As I came out for my curtain call, astounded by the ovation and the warmth of the public, the emotion overwhelmed me deeply and I felt as if I was clearly stamping that moment in time in my heart thinking, “Don’t ever forget this feeling, Joyce”. (I had a similar sensation 10 years earlier debuting on that very same stage as I got the end of “Non piu mesa” and couldn’t believe what had just happened, making the mental note “Always remember this, Joyce”.) But a decade later, while the sensation was pregnant with very different meaning, and I am surely a very different person and artist from those earlier days, I still allowed myself the enjoyment of drinking in that moment fully.
See?

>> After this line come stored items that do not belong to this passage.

text \<open>Identify node \<open>j\<close> with an up-step if it is internal and a down-step if it is a leaf.
  The diagonal entry \<open>Fmat n p i i\<close> counts the edges crossing the cut between ranks \<open>i\<close> and \<open>i + 1\<close>;
  passing rank \<open>i + 1\<close> closes the edge into that node and opens two new ones if it is internal.
  Hence the diagonal is the height profile, shifted up by one, of the lattice path of the
  first \<open>2n - 2\<close> nodes, which is a Dyck path since every cut is crossed by at least one edge
  and the last one by exactly one. Conversely every Dyck path arises this way: attach the
  nodes in rank order to the free child slots created so far. The diagonals are therefore in
  bijection with the Dyck paths of semilength \<open>n - 1\<close>, which the reflection principle counts
  by the Catalan number.\<close>

fun dyck_path_from :: "nat \<Rightarrow> bool list \<Rightarrow> bool" where
  "dyck_path_from h [] \<longleftrightarrow> h = 0"
| "dyck_path_from h (up # xs) \<longleftrightarrow>
     (if up then dyck_path_from (Suc h) xs else 0 < h \<and> dyck_path_from (h - 1) xs)"

definition dyck_paths :: "nat \<Rightarrow> nat \<Rightarrow> bool list set" where
  "dyck_paths k h = {xs. length xs = k \<and> dyck_path_from h xs}"

lemma dyck_path_from_height_le_length: "dyck_path_from h xs \<Longrightarrow> h \<le> length xs"
  by (induction xs arbitrary: h) (fastforce split: if_splits)+

lemma dyck_path_from_length:
  "dyck_path_from h xs \<Longrightarrow> length xs = 2 * length (filter id xs) + h"
  by (induction xs arbitrary: h) (auto split: if_splits)

lemma finite_dyck_paths: "finite (dyck_paths k h)"
proof -
  have "finite {xs :: bool list. set xs \<subseteq> UNIV \<and> length xs = k}"
    by (rule finite_lists_length_eq) simp
  then show ?thesis unfolding dyck_paths_def by (rule rev_finite_subset) auto
qed

lemma card_dyck_paths_straight_down: "card (dyck_paths h h) = 1"
proof -
  have "dyck_paths h h = {replicate h False}"
  proof (induction h)
    case (Suc h)
    have "dyck_paths (Suc h) (Suc h) = Cons False ` dyck_paths h h"
      using dyck_path_from_height_le_length
      by (fastforce simp: dyck_paths_def length_Suc_conv split: if_splits)
    with Suc show ?case by simp
  qed (auto simp: dyck_paths_def)
  then show ?thesis by simp
qed

lemma card_dyck_paths_Suc:
  "card (dyck_paths (Suc k) h) =
     card (dyck_paths k (Suc h)) + (if 0 < h then card (dyck_paths k (h - 1)) else 0)"
proof -
  let ?down = "if 0 < h then dyck_paths k (h - 1) else {}"
  have "dyck_paths (Suc k) h = Cons True ` dyck_paths k (Suc h) \<union> Cons False ` ?down"
    by (auto simp: dyck_paths_def length_Suc_conv split: if_splits)
  moreover have "card (Cons True ` dyck_paths k (Suc h) \<union> Cons False ` ?down) =
      card (dyck_paths k (Suc h)) + card ?down"
    by (subst card_Un_disjoint) (auto simp: finite_dyck_paths card_image)
  ultimately show ?thesis by simp
qed

text \<open>The ballot numbers, in the subtraction-free form of the reflection principle.\<close>
lemma card_dyck_paths_reflection:
  "card (dyck_paths (2 * u + h) h) + ((2 * u + h) choose (u + h + 1)) = (2 * u + h) choose u"
proof (induction u arbitrary: h)
  case 0
  show ?case by (simp add: card_dyck_paths_straight_down)
next
  case (Suc u)
  note outer_IH = Suc.IH
  show ?case
  proof (induction h)
    case 0
    have "card (dyck_paths (2 * Suc u) 0) = card (dyck_paths (2 * u + 1) 1)"
      by (simp add: card_dyck_paths_Suc)
    with outer_IH[of 1] show ?case by simp
  next
    case (Suc h)
    have "card (dyck_paths (2 * Suc u + Suc h) (Suc h)) =
        card (dyck_paths (2 * u + Suc (Suc h)) (Suc (Suc h))) + card (dyck_paths (2 * Suc u + h) h)"
      by (simp add: card_dyck_paths_Suc)
    with outer_IH[of "Suc (Suc h)"] Suc.IH show ?case by simp
  qed
qed

lemma card_dyck_words: "Suc m * card (dyck_paths (2 * m) 0) = (2 * m) choose m"
proof (cases m)
  case (Suc k)
  have reflected: "Suc m * ((2 * m) choose Suc m) = m * ((2 * m) choose m)"
  proof -
    have "2 * m = Suc (m + k)" using Suc by simp
    then show ?thesis using Suc_times_binomial_add[of m k] by (simp only: Suc[symmetric])
  qed
  have "card (dyck_paths (2 * m) 0) + ((2 * m) choose Suc m) = (2 * m) choose m"
    using card_dyck_paths_reflection[of m 0] by simp
  then have "Suc m * card (dyck_paths (2 * m) 0) + Suc m * ((2 * m) choose Suc m) =
      Suc m * ((2 * m) choose m)"
    by (metis add_mult_distrib2)
  with reflected show ?thesis by simp
qed (simp add: card_dyck_paths_straight_down[of 0])

definition height_step :: "nat \<Rightarrow> bool \<Rightarrow> nat" where
  "height_step h up = (if up then Suc h else h - 1)"

fun heights :: "nat \<Rightarrow> bool list \<Rightarrow> nat list" where
  "heights h [] = []"
| "heights h (up # xs) = height_step h up # heights (height_step h up) xs"

lemma length_heights [simp]: "length (heights h xs) = length xs"
  by (induction xs arbitrary: h) auto

lemma nth_heights: "i < length xs \<Longrightarrow> heights h xs ! i = foldl height_step h (take (Suc i) xs)"
proof (induction xs arbitrary: h i)
  case (Cons up xs)
  then show ?case by (cases i) auto
qed simp

lemma inj_heights: "inj (heights h)"
proof (rule injI)
  show "heights h xs = heights h ys \<Longrightarrow> xs = ys" for xs ys
  proof (induction xs arbitrary: ys h)
    case (Cons x xs)
    then obtain y ys' where ys: "ys = y # ys'" by (cases ys) auto
    with Cons.prems have "height_step h x = height_step h y" by simp
    then have "x = y" by (auto simp: height_step_def split: if_splits)
    with Cons ys show ?case by auto
  qed (metis length_heights length_0_conv)
qed

lemma dyck_path_from_iff_heights:
  "dyck_path_from h xs \<longleftrightarrow>
     0 \<notin> set (heights (Suc h) xs) \<and> last (Suc h # heights (Suc h) xs) = 1"
proof (induction xs arbitrary: h)
  case (Cons up xs)
  then show ?case by (cases xs; cases h) (auto simp: height_step_def)
qed simp

definition internal_flags :: "nat \<Rightarrow> (nat \<Rightarrow> nat) \<Rightarrow> bool list" where
  "internal_flags n p = map (\<lambda>v. children n p v \<noteq> {}) [0..<2*n-2]"

lemma finite_children: "finite (children n p v)"
  unfolding children_def by (rule finite_subset[of _ "{..2*n-2}"]) auto

lemma finite_crossing_edges: "finite {w::nat. 1 \<le> w \<and> w \<le> 2*n-2 \<and> p w \<le> j \<and> i < w}"
  by (rule finite_subset[of _ "{..2*n-2}"]) auto

lemma Fmat_diag_0: "Fmat n p 0 0 = card (children n p 0)"
proof -
  have "{w. 1 \<le> w \<and> w \<le> 2*n-2 \<and> p w \<le> 0 \<and> 0 < w} = children n p 0"
    unfolding children_def by auto
  then show ?thesis unfolding Fmat_def by simp
qed

context
  fixes n :: nat and p :: "nat \<Rightarrow> nat"
  assumes parent_less: "\<forall>w. 1 \<le> w \<and> w \<le> 2*n-2 \<longrightarrow> p w < w"
begin

lemma edge_into_Suc_crosses:
  "Suc i \<le> 2*n-2 \<Longrightarrow> Suc i \<in> {w. 1 \<le> w \<and> w \<le> 2*n-2 \<and> p w \<le> i \<and> i < w}"
  using parent_less[rule_format, of "Suc i"] by simp

lemma Fmat_diag_pos: "i < 2*n-2 \<Longrightarrow> 0 < Fmat n p i i"
  unfolding Fmat_def card_gt_0_iff using edge_into_Suc_crosses[of i] finite_crossing_edges
  by auto

lemma Fmat_diag_last:
  assumes "2*n-2 = Suc m"
  shows "Fmat n p m m = 1"
proof -
  have "p (Suc m) \<le> m" using parent_less[rule_format, of "Suc m"] assms by simp
  then have "{w. 1 \<le> w \<and> w \<le> 2*n-2 \<and> p w \<le> m \<and> m < w} = {Suc m}"
    using assms by auto
  then show ?thesis unfolding Fmat_def by simp
qed

lemma Fmat_diag_Suc:
  assumes "Suc i \<le> 2*n-2"
  shows "Fmat n p (Suc i) (Suc i) = Fmat n p i i - 1 + card (children n p (Suc i))"
proof -
  let ?E = "\<lambda>i. {w. 1 \<le> w \<and> w \<le> 2*n-2 \<and> p w \<le> i \<and> i < w}"
  have "?E (Suc i) = (?E i - {Suc i}) \<union> children n p (Suc i)"
    unfolding children_def using parent_less by (auto simp: le_Suc_eq)
  moreover have "(?E i - {Suc i}) \<inter> children n p (Suc i) = {}"
    unfolding children_def by auto
  ultimately have "card (?E (Suc i)) = card (?E i - {Suc i}) + card (children n p (Suc i))"
    by (simp add: card_Un_disjoint finite_crossing_edges finite_children)
  also have "card (?E i - {Suc i}) = card (?E i) - 1"
    using edge_into_Suc_crosses[OF assms] finite_crossing_edges by simp
  finally show ?thesis unfolding Fmat_def .
qed

lemma Fdiag_eq_heights:
  assumes binary: "\<forall>v \<le> 2*n-2. card (children n p v) = 0 \<or> card (children n p v) = 2"
  shows "Fdiag n p = heights 1 (internal_flags n p)"
proof -
  have children_card: "card (children n p v) = (if children n p v = {} then 0 else 2)"
    if "v \<le> 2*n-2" for v
    using binary that finite_children[of n p v] by auto
  have "Fmat n p i i = foldl height_step 1 (map (\<lambda>v. children n p v \<noteq> {}) [0..<Suc i])"
    if "i < 2*n-2" for i
    using that
  proof (induction i)
    case 0
    then show ?case using children_card[of 0] by (simp add: Fmat_diag_0 height_step_def)
  next
    case (Suc i)
    then show ?case
      using Fmat_diag_Suc[of i] Fmat_diag_pos[of i] children_card[of "Suc i"]
      by (simp add: height_step_def)
  qed
  then show ?thesis
    by (intro nth_equalityI) (simp_all add: Fdiag_def internal_flags_def nth_heights take_map)
qed

lemma internal_flags_dyck_path:
  assumes "\<forall>v \<le> 2*n-2. card (children n p v) = 0 \<or> card (children n p v) = 2"
  shows "internal_flags n p \<in> dyck_paths (2*n-2) 0"
proof -
  have "0 \<notin> set (Fdiag n p)"
    unfolding Fdiag_def by (auto dest!: Fmat_diag_pos)
  moreover have "last (1 # Fdiag n p) = 1"
  proof (cases "2*n-2")
    case (Suc k)
    then have "[0..<2*n-2] = [0..<k] @ [k]" by simp
    then show ?thesis unfolding Fdiag_def using Suc Fmat_diag_last by simp
  qed (simp add: Fdiag_def)
  ultimately show ?thesis
    using dyck_path_from_iff_heights[of 0] Fdiag_eq_heights[OF assms]
    by (simp add: dyck_paths_def internal_flags_def)
qed

end

text \<open>\<open>Q\<close> lists the parents of the free child slots, and the nodes \<open>a, a + 1, \<dots>\<close> take the
  first free slot in turn; node \<open>a + j\<close> opens two new slots iff \<open>j < length t\<close> and \<open>t ! j\<close>.
  The Dyck condition guarantees a free slot at every step and leaves exactly one for the final
  leaf \<open>a + length t\<close>.\<close>
lemma parent_map_from_dyck_path:
  assumes "dyck_path_from (length Q - 1) t" and "Q \<noteq> []" and "\<forall>v\<in>set Q. v < a"
  shows "\<exists>p. (\<forall>w. a \<le> w \<and> w \<le> a + length t \<longrightarrow> p w < w) \<and>
    (\<forall>v. card {w. a \<le> w \<and> w \<le> a + length t \<and> p w = v} =
      count_list Q v + (if a \<le> v \<and> v < a + length t \<and> t ! (v - a) then 2 else 0))"
  using assms
proof (induction t arbitrary: a Q)
  case Nil
  then obtain q where "Q = [q]" by (cases Q) (auto simp: length_Suc_conv)
  moreover have "{w. a \<le> w \<and> w \<le> a} = {a}" by auto
  ultimately show ?case using Nil.prems(3) by (intro exI[of _ "\<lambda>_. q"]) auto
next
  case (Cons x t)
  from Cons.prems(2) obtain q0 Q1 where Q: "Q = q0 # Q1" by (cases Q) auto
  define Q' where "Q' = Q1 @ (if x then [a, a] else [])"
  have "dyck_path_from (length Q' - 1) t" and "Q' \<noteq> []"
    using Cons.prems(1) Q unfolding Q'_def by (auto split: if_splits)
  moreover have "\<forall>v\<in>set Q'. v < Suc a" using Cons.prems(3) Q unfolding Q'_def by auto
  ultimately obtain p' where
    below': "\<forall>w. Suc a \<le> w \<and> w \<le> Suc a + length t \<longrightarrow> p' w < w" and
    card': "\<forall>v. card {w. Suc a \<le> w \<and> w \<le> Suc a + length t \<and> p' w = v} =
      count_list Q' v + (if Suc a \<le> v \<and> v < Suc a + length t \<and> t ! (v - Suc a) then 2 else 0)"
    using Cons.IH by blast
  define p where "p = p'(a := q0)"
  have "\<forall>w. a \<le> w \<and> w \<le> a + length (x # t) \<longrightarrow> p w < w"
    using below' Cons.prems(3) Q unfolding p_def by (auto simp: Suc_le_eq)
  moreover have "card {w. a \<le> w \<and> w \<le> a + length (x # t) \<and> p w = v} =
      count_list Q v + (if a \<le> v \<and> v < a + length (x # t) \<and> (x # t) ! (v - a) then 2 else 0)"
    for v
  proof -
    have "{w. a \<le> w \<and> w \<le> a + length (x # t) \<and> p w = v} =
        (if q0 = v then {a} else {}) \<union> {w. Suc a \<le> w \<and> w \<le> Suc a + length t \<and> p' w = v}"
      unfolding p_def by (auto simp: Suc_le_eq)
    then have "card {w. a \<le> w \<and> w \<le> a + length (x # t) \<and> p w = v} =
        (if q0 = v then 1 else 0) + card {w. Suc a \<le> w \<and> w \<le> Suc a + length t \<and> p' w = v}"
      by (simp add: card_Un_disjoint)
    also have "\<dots> = (if q0 = v then 1 else 0) + count_list Q1 v + (if x \<and> v = a then 2 else 0)
        + (if Suc a \<le> v \<and> v < Suc a + length t \<and> t ! (v - Suc a) then 2 else 0)"
      using card' unfolding Q'_def by auto
    also have "\<dots> = count_list Q v +
        (if a \<le> v \<and> v < a + length (x # t) \<and> (x # t) ! (v - a) then 2 else 0)"
    proof (cases "v = a")
      case False
      then have "(a \<le> v) = (Suc a \<le> v)" by auto
      moreover have "Suc a \<le> v \<Longrightarrow> (x # t) ! (v - a) = t ! (v - Suc a)"
        by (metis Suc_diff_le diff_Suc_Suc nth_Cons_Suc)
      ultimately show ?thesis using Q False by auto
    qed (use Q in auto)
    finally show ?thesis .
  qed
  ultimately show ?case by blast
qed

When I say the stage and opera teach me, I really mean it: I cannot forever REMAIN on stage bathing in the applause, or continue holding a high note or trill trying to keep that moment in time forever, and I can certainly never REPLICATE exactly an emotion or musical phrase, because I am no machine ~ I can only do the living of the moment, and let what happens happen.
But what I love to do is take note of the moment and smile, feel it, drink it in, and live it fully, knowing that it cannot be kept. If I can truly do that, the satisfaction that comes is pure, so I feel safe to move on to the next moment. And then the next. Just as the Marschallin tries to instruct Octavian to do, for we really cannot HOLD a moment in time. We can NEVER recreate the very same trill that “worked” from one night to the next. We have to simply do the work it takes to succeed again with renewed conviction and relish the tumultuous, unpredictable, always surprising act of living that follows.
I wish each and every one of you the most wonderful Thanksgiving, full of numerous things that scream for your gratitude!